There's no buzz, it's like real depression … You can just feel that they're there to win and they're trying but you can actually sense it's really flat. And even the staff know it 'cause even they're not as bubbly. They try to be but there's not - there's this real lull. It's almost like a funeral, like - it's like a wake. (1SOF)
One participant reported that visiting an EGM venue left her feeling anxious:
I'll go into the [club venue] with my boyfriend, watch football … have something to eat … maybe twice a month and I watch the people feed the money in there … It gives me really bad anxiety. (2SOF)
Others observed the aggressive reactions of gamblers who were frustrated:
Heaps of times … People come and hit the machine, you know?
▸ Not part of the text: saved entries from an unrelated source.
section \<open>Elementary antiderivatives\<close>

definition exp_sin_antideriv :: "real \<Rightarrow> real \<Rightarrow> real \<Rightarrow> real" where
  "exp_sin_antideriv b w u = exp (b * u) * (b * sin (w * u) - w * cos (w * u)) / (b\<^sup>2 + w\<^sup>2)"

lemma has_real_derivative_exp_sin_antideriv:
  assumes "b\<^sup>2 + w\<^sup>2 \<noteq> 0"
  shows "(exp_sin_antideriv b w has_real_derivative exp (b * u) * sin (w * u)) (at u)"
proof -
  have "((\<lambda>u. exp (b * u) * (b * sin (w * u) - w * cos (w * u))) has_real_derivative
      exp (b * u) * sin (w * u) * (b\<^sup>2 + w\<^sup>2)) (at u)"
    by (auto intro!: derivative_eq_intros simp: algebra_simps power2_eq_square)
  from DERIV_cdivide[OF this, of "b\<^sup>2 + w\<^sup>2"] show ?thesis
    unfolding exp_sin_antideriv_def[abs_def] nonzero_mult_div_cancel_right[OF assms] .
qed

lemma abs_exp_sin_antideriv_le:
  "\<bar>exp_sin_antideriv b w u\<bar> \<le> exp (b * u) / sqrt (b\<^sup>2 + w\<^sup>2)"
proof (cases "b\<^sup>2 + w\<^sup>2 = 0")
  case True
  then show ?thesis unfolding exp_sin_antideriv_def by simp
next
  case False
  define q where "q = b\<^sup>2 + w\<^sup>2"
  have q: "0 < q" using False zero_le_power2[of b] zero_le_power2[of w] unfolding q_def by linarith
  have lagrange: "(b * sin (w * u) - w * cos (w * u))\<^sup>2 + (b * cos (w * u) + w * sin (w * u))\<^sup>2 = q"
  proof -
    have "(b * sin (w * u) - w * cos (w * u))\<^sup>2 + (b * cos (w * u) + w * sin (w * u))\<^sup>2
        = q * ((sin (w * u))\<^sup>2 + (cos (w * u))\<^sup>2)"
      unfolding q_def by algebra
    then show ?thesis by simp
  qed
  have "\<bar>b * sin (w * u) - w * cos (w * u)\<bar> \<le> sqrt q"
    using lagrange zero_le_power2[of "b * cos (w * u) + w * sin (w * u)"]
    by (intro real_le_rsqrt, unfold power2_abs) linarith
  then have "\<bar>exp_sin_antideriv b w u\<bar> \<le> exp (b * u) * sqrt q / q"
    unfolding exp_sin_antideriv_def q_def[symmetric] using q
    by (simp add: abs_mult divide_right_mono)
  also have "\<dots> = exp (b * u) / sqrt q"
    using q by (simp add: field_simps real_sqrt_mult_self flip: real_sqrt_mult)
  finally show ?thesis unfolding q_def .
qed

lemma sin_cube: "sin (x::real) ^ 3 = (3 * sin x - sin (3 * x)) / 4"
proof -
  have "sin (3 * x) = sin (2 * x) * cos x + cos (2 * x) * sin x"
    using sin_add[of "2 * x" x] by simp
  also have "\<dots> = sin x * (3 * (cos x)\<^sup>2 - (sin x)\<^sup>2)"
    unfolding sin_double cos_double by (simp add: algebra_simps power2_eq_square)
  also have "\<dots> = 3 * sin x - 4 * sin x ^ 3"
    unfolding cos_squared_eq by (simp add: algebra_simps power2_eq_square power3_eq_cube)
  finally show ?thesis by simp
qed

definition exp_sin_cube_antideriv :: "real \<Rightarrow> real \<Rightarrow> real \<Rightarrow> real" where
  "exp_sin_cube_antideriv b g u = (3 * exp_sin_antideriv b g u - exp_sin_antideriv b (3 * g) u) / 4"

lemma has_real_derivative_exp_sin_cube_antideriv:
  assumes "g \<noteq> 0"
  shows "(exp_sin_cube_antideriv b g has_real_derivative exp (b * u) * sin (g * u) ^ 3) (at u)"
proof -
  have "b\<^sup>2 + g\<^sup>2 \<noteq> 0" "b\<^sup>2 + (3 * g)\<^sup>2 \<noteq> 0" using assms by (auto simp: add_nonneg_eq_0_iff)
  then have "(exp_sin_cube_antideriv b g has_real_derivative
      (3 * (exp (b * u) * sin (g * u)) - exp (b * u) * sin (3 * g * u)) / 4) (at u)"
    unfolding exp_sin_cube_antideriv_def[abs_def]
    by (intro DERIV_cdivide DERIV_diff DERIV_cmult has_real_derivative_exp_sin_antideriv)
  moreover have "sin (3 * g * u) = 3 * sin (g * u) - 4 * sin (g * u) ^ 3"
    using sin_cube[of "g * u"] by (simp add: mult.assoc)
  then have "(3 * (exp (b * u) * sin (g * u)) - exp (b * u) * sin (3 * g * u)) / 4
      = exp (b * u) * sin (g * u) ^ 3"
    by (simp only:) (simp add: algebra_simps)
  ultimately show ?thesis by (simp only:)
qed

lemma abs_exp_sin_cube_antideriv_le:
  assumes "b\<^sup>2 + g\<^sup>2 = 1"
  shows "\<bar>exp_sin_cube_antideriv b g u\<bar> \<le> exp (b * u)"
proof -
  have "b\<^sup>2 + (3 * g)\<^sup>2 = 1 + 8 * g\<^sup>2" using assms by (simp add: power_mult_distrib)
  moreover have "1 \<le> sqrt (1 + 8 * g\<^sup>2)" by simp
  ultimately have "1 \<le> sqrt (b\<^sup>2 + (3 * g)\<^sup>2)" by metis
  then have "exp (b * u) / sqrt (b\<^sup>2 + (3 * g)\<^sup>2) \<le> exp (b * u) / 1"
    by (intro divide_left_mono) auto
  then have "\<bar>exp_sin_antideriv b (3 * g) u\<bar> \<le> exp (b * u)"
    using abs_exp_sin_antideriv_le[of b "3 * g" u] by simp
  moreover have "\<bar>exp_sin_antideriv b g u\<bar> \<le> exp (b * u)"
    using abs_exp_sin_antideriv_le[of b g u] assms by simp
  ultimately show ?thesis unfolding exp_sin_cube_antideriv_def by simp
qed

lemma integral_reflected_antiderivative:
  assumes "\<And>u. (F has_real_derivative f u) (at u)" "0 \<le> z"
  shows "integral {0..z} (\<lambda>x. f (L - x)) = F L - F (L - z)"
proof -
  have "((\<lambda>x. - F (L - x)) has_real_derivative f (L - x)) (at x)" for x
  proof -
    have "((\<lambda>x. L - x) has_real_derivative -1) (at x)" by (auto intro!: derivative_eq_intros)
    from DERIV_minus[OF DERIV_chain2[OF assms(1) this]] show ?thesis by simp
  qed
  then have "((\<lambda>x. f (L - x)) has_integral - F (L - z) - - F (L - 0)) {0..z}"
    by (intro fundamental_theorem_of_calculus assms(2))
      (auto simp: has_real_derivative_iff_has_vector_derivative intro: has_vector_derivative_at_within)
  then show ?thesis by (simp add: integral_unique)
qed

section \<open>Closed forms of the integrals\<close>

lemma integral_hN_sq_htilde:
  assumes "gamN c N \<noteq> 0" "0 \<le> z"
  shows "integral {0..z} (\<lambda>x. (hN c N x)\<^sup>2 * htilde c N x)
    = 4 * gamN c N / (LN c N + betaN c N)\<^sup>2
      * (exp_sin_cube_antideriv (betaN c N) (gamN c N) (LN c N)
         - exp_sin_cube_antideriv (betaN c N) (gamN c N) (LN c N - z))"
proof -
  define b g L where "b = betaN c N" "g = gamN c N" "L = LN c N"
  have "(hN c N x)\<^sup>2 * htilde c N x
      = 4 * g / (L + b)\<^sup>2 * (exp (b * (L - x)) * sin (g * (L - x)) ^ 3)" for x
  proof -
    have "exp (b * (L - x)) * exp (b * (x - L)) = 1" by (simp flip: exp_add add: algebra_simps)
    then show ?thesis
      unfolding hN_def htilde_def b_g_L_def[symmetric] using assms(1)
      by (simp add: power2_eq_square power3_eq_cube field_simps)
  qed
  then have "integral {0..z} (\<lambda>x. (hN c N x)\<^sup>2 * htilde c N x)
      = 4 * g / (L + b)\<^sup>2 * integral {0..z} (\<lambda>x. exp (b * (L - x)) * sin (g * (L - x)) ^ 3)"
    by simp
  also have "integral {0..z} (\<lambda>x. exp (b * (L - x)) * sin (g * (L - x)) ^ 3)
      = exp_sin_cube_antideriv b g L - exp_sin_cube_antideriv b g (L - z)"
    using has_real_derivative_exp_sin_cube_antideriv assms
    by (intro integral_reflected_antiderivative) (auto simp: b_g_L_def)
  finally show ?thesis unfolding b_g_L_def .
qed

lemma integral_htilde:
  assumes "gamN c N \<noteq> 0" "0 \<le> z"
  shows "integral {0..z} (htilde c N)
    = (exp_sin_antideriv (- betaN c N) (gamN c N) (LN c N)
       - exp_sin_antideriv (- betaN c N) (gamN c N) (LN c N - z)) / gamN c N"
proof -
  define b g L where "b = betaN c N" "g = gamN c N" "L = LN c N"
  have "htilde c N = (\<lambda>x. 1 / g * (exp (- b * (L - x)) * sin (g * (L - x))))"
    unfolding htilde_def b_g_L_def by (auto simp: algebra_simps)
  then have "integral {0..z} (htilde c N)
      = 1 / g * integral {0..z} (\<lambda>x. exp (- b * (L - x)) * sin (g * (L - x)))"
    by simp
  also have "integral {0..z} (\<lambda>x. exp (- b * (L - x)) * sin (g * (L - x)))
      = exp_sin_antideriv (- b) g L - exp_sin_antideriv (- b) g (L - z)"
  proof (rule integral_reflected_antiderivative)
    have "(- b)\<^sup>2 + g\<^sup>2 \<noteq> 0" using assms(1) unfolding b_g_L_def by simp
    then show "(exp_sin_antideriv (- b) g has_real_derivative exp (- b * u) * sin (g * u)) (at u)" for u
      by (rule has_real_derivative_exp_sin_antideriv)
  qed (use assms(2) in simp)
  finally show ?thesis unfolding b_g_L_def by simp
qed

definition cube_endpoint_factor :: "real \<Rightarrow> real" where
  "cube_endpoint_factor t =
     (6 * cos t * sin t - (cos t * sin (3 * t) + 3 * sin t * cos (3 * t)) / (1 + 8 * (sin t)\<^sup>2)) / 4"

lemma exp_sin_cube_antideriv_endpoint:
  assumes "sin t * L = pi - t"
  shows "exp_sin_cube_antideriv (cos t) (sin t) L = exp (cos t * L) * cube_endpoint_factor t"
proof -
  have arg3: "3 * sin t * L = 3 * pi - 3 * t" using assms by (simp add: algebra_simps)
  have sin3: "sin (3 * pi - 3 * t) = sin (3 * t)" and cos3: "cos (3 * pi - 3 * t) = - cos (3 * t)"
    by (simp_all add: sin_diff cos_diff)
  have norm1: "(cos t)\<^sup>2 + (sin t)\<^sup>2 = 1"
    and norm3: "(cos t)\<^sup>2 + (3 * sin t)\<^sup>2 = 1 + 8 * (sin t)\<^sup>2"
    using sin_cos_squared_add[of t] by (simp_all add: power_mult_distrib)
  show ?thesis
    unfolding exp_sin_cube_antideriv_def exp_sin_antideriv_def cube_endpoint_factor_def
      assms arg3 sin3 cos3 norm1 norm3
    by (simp add: algebra_simps)
qed

lemma exp_sin_antideriv_before_endpoint:
  assumes "sin t * L = pi - t"
  shows "exp_sin_antideriv (- cos t) (sin t) (L - z) = - exp (- cos t * (L - z)) * sin (sin t * z)"
proof -
  have arg: "sin t * (L - z) = pi - (t + sin t * z)" using assms by (simp add: algebra_simps)
  have "exp_sin_antideriv (- cos t) (sin t) (L - z)
      = exp (- cos t * (L - z)) * (- cos t * sin (t + sin t * z) + sin t * cos (t + sin t * z))"
    unfolding exp_sin_antideriv_def arg by simp
  also have "- cos t * sin (t + sin t * z) + sin t * cos (t + sin t * z) = - sin (sin t * z)"
    using sin_diff[of "t + sin t * z" t] by (simp add: algebra_simps)
  finally show ?thesis by simp
qed

lemma exp_Ltarget:
  assumes "1 < N"
  shows "exp (Ltarget c N) = real N powr c * ln (real N) ^ 6"
proof -
  have "0 < ln (real N)" using assms by simp
  then have "exp (6 * ln (ln (real N))) = ln (real N) ^ 6"
    using exp_ln[of "ln (real N) ^ 6"] ln_realpow[of "ln (real N)" 6] by simp
  then show ?thesis
    using assms by (simp add: Ltarget_def exp_add powr_def)
qed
They swear at the machine. Get quite cranky. I mean you know, partners are fighting as well. (1GM)
The mesmerising effects of EGMs often led to prolonged machine usage, reportedly affecting hygiene:
You smell - if you go to other chairs, it's urine, because some of those players, they urinate in the thing because they're hooked into it. They don't move. (1GF)
The smell. Some people would go in there not having showers or some people would be quite dirty … It can be depressing sometimes … The [local venues] … they're very depressing. (1GF)
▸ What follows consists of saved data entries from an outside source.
definition efficient_dominating_set :: "'a set \<Rightarrow> ('a \<Rightarrow> 'a \<Rightarrow> bool) \<Rightarrow> 'a set \<Rightarrow> bool" where
  "efficient_dominating_set V E D \<longleftrightarrow> D \<subseteq> V \<and> (\<forall>x\<in>D. \<forall>y\<in>D. \<not> E x y)
     \<and> (\<forall>v\<in>V - D. \<exists>!d. d \<in> D \<and> E v d)"

fun walk_len :: "'a set \<Rightarrow> ('a \<Rightarrow> 'a \<Rightarrow> bool) \<Rightarrow> 'a \<Rightarrow> 'a \<Rightarrow> nat \<Rightarrow> bool" where
  "walk_len V E u v 0 \<longleftrightarrow> u = v \<and> u \<in> V"
| "walk_len V E u v (Suc n) \<longleftrightarrow> (\<exists>w. E u w \<and> walk_len V E w v n)"

definition gdist :: "'a set \<Rightarrow> ('a \<Rightarrow> 'a \<Rightarrow> bool) \<Rightarrow> 'a \<Rightarrow> 'a \<Rightarrow> enat" where
  "gdist V E u v = (if \<exists>n. walk_len V E u v n then enat (LEAST n. walk_len V E u v n) else \<infinity>)"

definition square_edges :: "'a set \<Rightarrow> ('a \<Rightarrow> 'a \<Rightarrow> bool) \<Rightarrow> 'a \<Rightarrow> 'a \<Rightarrow> bool" where
  "square_edges V E u v \<longleftrightarrow> u \<in> V \<and> v \<in> V \<and> gdist V E u v \<in> {1, 2}"

end
lemma (in prob_space) indep_var_square_sum_squares:
  fixes X :: "'i \<Rightarrow> 'a \<Rightarrow> real"
  assumes ind: "indep_vars (\<lambda>_. borel) X I" and "j \<in> I" "J \<subseteq> I" "j \<notin> J"
  shows "indep_var borel (\<lambda>\<omega>. (X j \<omega>)\<^sup>2) borel (\<lambda>\<omega>. \<Sum>l\<in>J. (X l \<omega>)\<^sup>2)"
proof -
  have "indep_var (PiM {j} (\<lambda>_. borel)) (\<lambda>\<omega>. restrict (\<lambda>l. X l \<omega>) {j})
      (PiM J (\<lambda>_. borel)) (\<lambda>\<omega>. restrict (\<lambda>l. X l \<omega>) J)"
    by (rule indep_var_restrict[OF ind]) (use assms in auto)
  moreover have "(\<lambda>f. (f j)\<^sup>2) \<in> borel_measurable (PiM {j} (\<lambda>_. borel :: real measure))"
    by measurable
  moreover have "(\<lambda>f. \<Sum>l\<in>J. (f l)\<^sup>2) \<in> borel_measurable (PiM J (\<lambda>_. borel :: real measure))"
    by measurable
  ultimately have "indep_var borel ((\<lambda>f. (f j)\<^sup>2) \<circ> (\<lambda>\<omega>. restrict (\<lambda>l. X l \<omega>) {j}))
      borel ((\<lambda>f. \<Sum>l\<in>J. (f l)\<^sup>2) \<circ> (\<lambda>\<omega>. restrict (\<lambda>l. X l \<omega>) J))"
    by (rule indep_var_compose)
  then show ?thesis
    by (simp add: comp_def cong: sum.cong)
qed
Illegal activities in or around venues
Some participants in Site 1 reported attending EGM venues because they felt other spaces in the community were unsafe (see section 3.2). Paradoxically, however, there were a range of illegal activities observed at venues by the researchers and reported by all categories of participants. An explanation for this paradox may be that some venue patrons were not attuned to the activities of others when attending venues, as noticing these activities sometimes requires relatively prolonged observation of the behaviours of others. However, participant and researcher observations documented evidence of drug dealing, particularly in Site 1:
Gambling venues are also used to deal drugs ... Oh, it's usually in the car park, yeah. Car park or hop in the car … That ... quite often happens. (1GF)
One participant reported her ex-partner purchased cocaine at an EGM venue in Site 1:
Before we eventually split, he was also drawn to drugs ... He bought them at some of the [EGM] venues ... And then he brought them home and I confronted him and I said, 'Don't bring them in the house, we've got a child'. (1SOF)
A venue professional in Site 1 confirmed drug dealing was not uncommon:
We do have problems with a few druggies [sic]… We get some that like to do their deals in the car park ... especially around sporting grounds and whatever, they seem to be a prime spot for them. (1P)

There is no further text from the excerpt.